→ **Prompt**
Reproduce the lines from the one holding "sort (map x" to the end of the entries. Include both ends and change nothing.

→ **Task inputs**
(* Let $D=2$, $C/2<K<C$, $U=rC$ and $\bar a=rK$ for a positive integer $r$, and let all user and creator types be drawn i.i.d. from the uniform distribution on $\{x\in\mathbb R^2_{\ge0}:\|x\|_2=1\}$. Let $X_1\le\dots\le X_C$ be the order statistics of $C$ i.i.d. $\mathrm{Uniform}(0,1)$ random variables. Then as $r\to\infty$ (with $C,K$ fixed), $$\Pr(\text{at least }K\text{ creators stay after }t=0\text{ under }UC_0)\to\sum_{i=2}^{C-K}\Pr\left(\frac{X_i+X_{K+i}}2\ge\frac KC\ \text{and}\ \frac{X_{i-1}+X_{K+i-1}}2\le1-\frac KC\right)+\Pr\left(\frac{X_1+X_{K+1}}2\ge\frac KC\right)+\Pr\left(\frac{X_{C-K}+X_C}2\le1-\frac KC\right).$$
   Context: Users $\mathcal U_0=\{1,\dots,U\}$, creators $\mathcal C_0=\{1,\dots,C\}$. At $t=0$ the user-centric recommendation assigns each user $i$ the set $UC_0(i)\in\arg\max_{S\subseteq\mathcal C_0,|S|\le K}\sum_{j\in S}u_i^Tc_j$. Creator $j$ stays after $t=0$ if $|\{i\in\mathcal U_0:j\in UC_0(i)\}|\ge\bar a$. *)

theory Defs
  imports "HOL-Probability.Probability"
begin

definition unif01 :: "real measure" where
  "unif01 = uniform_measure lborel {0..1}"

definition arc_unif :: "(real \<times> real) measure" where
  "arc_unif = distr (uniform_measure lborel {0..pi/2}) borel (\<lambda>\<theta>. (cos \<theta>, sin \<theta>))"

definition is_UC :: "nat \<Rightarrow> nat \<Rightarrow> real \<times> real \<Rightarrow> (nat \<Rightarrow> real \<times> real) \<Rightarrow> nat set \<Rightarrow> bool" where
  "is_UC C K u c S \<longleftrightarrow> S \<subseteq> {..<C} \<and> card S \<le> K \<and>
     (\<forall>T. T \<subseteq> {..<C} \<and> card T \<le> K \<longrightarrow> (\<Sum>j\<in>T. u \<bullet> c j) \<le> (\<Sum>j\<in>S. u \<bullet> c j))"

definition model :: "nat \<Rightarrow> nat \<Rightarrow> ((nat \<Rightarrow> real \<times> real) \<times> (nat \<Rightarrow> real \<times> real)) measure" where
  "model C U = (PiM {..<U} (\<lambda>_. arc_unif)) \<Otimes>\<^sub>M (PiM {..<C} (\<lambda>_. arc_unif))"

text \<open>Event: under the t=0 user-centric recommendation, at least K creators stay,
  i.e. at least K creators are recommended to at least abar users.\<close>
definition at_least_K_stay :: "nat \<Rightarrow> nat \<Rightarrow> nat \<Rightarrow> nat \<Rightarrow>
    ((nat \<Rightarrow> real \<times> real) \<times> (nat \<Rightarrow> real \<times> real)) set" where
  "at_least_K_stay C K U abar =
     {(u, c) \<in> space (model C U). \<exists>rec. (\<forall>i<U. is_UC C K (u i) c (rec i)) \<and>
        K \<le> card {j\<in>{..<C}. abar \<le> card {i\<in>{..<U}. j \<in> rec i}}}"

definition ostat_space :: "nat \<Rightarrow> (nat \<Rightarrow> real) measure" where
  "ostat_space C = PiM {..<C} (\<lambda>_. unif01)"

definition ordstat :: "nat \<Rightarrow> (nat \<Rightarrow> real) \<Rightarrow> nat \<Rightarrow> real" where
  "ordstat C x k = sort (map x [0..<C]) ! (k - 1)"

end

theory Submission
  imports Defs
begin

→ **Response area**
  "ordstat C x k = sort (map x [0..<C]) ! (k - 1)"

end

theory Submission
  imports Defs
begin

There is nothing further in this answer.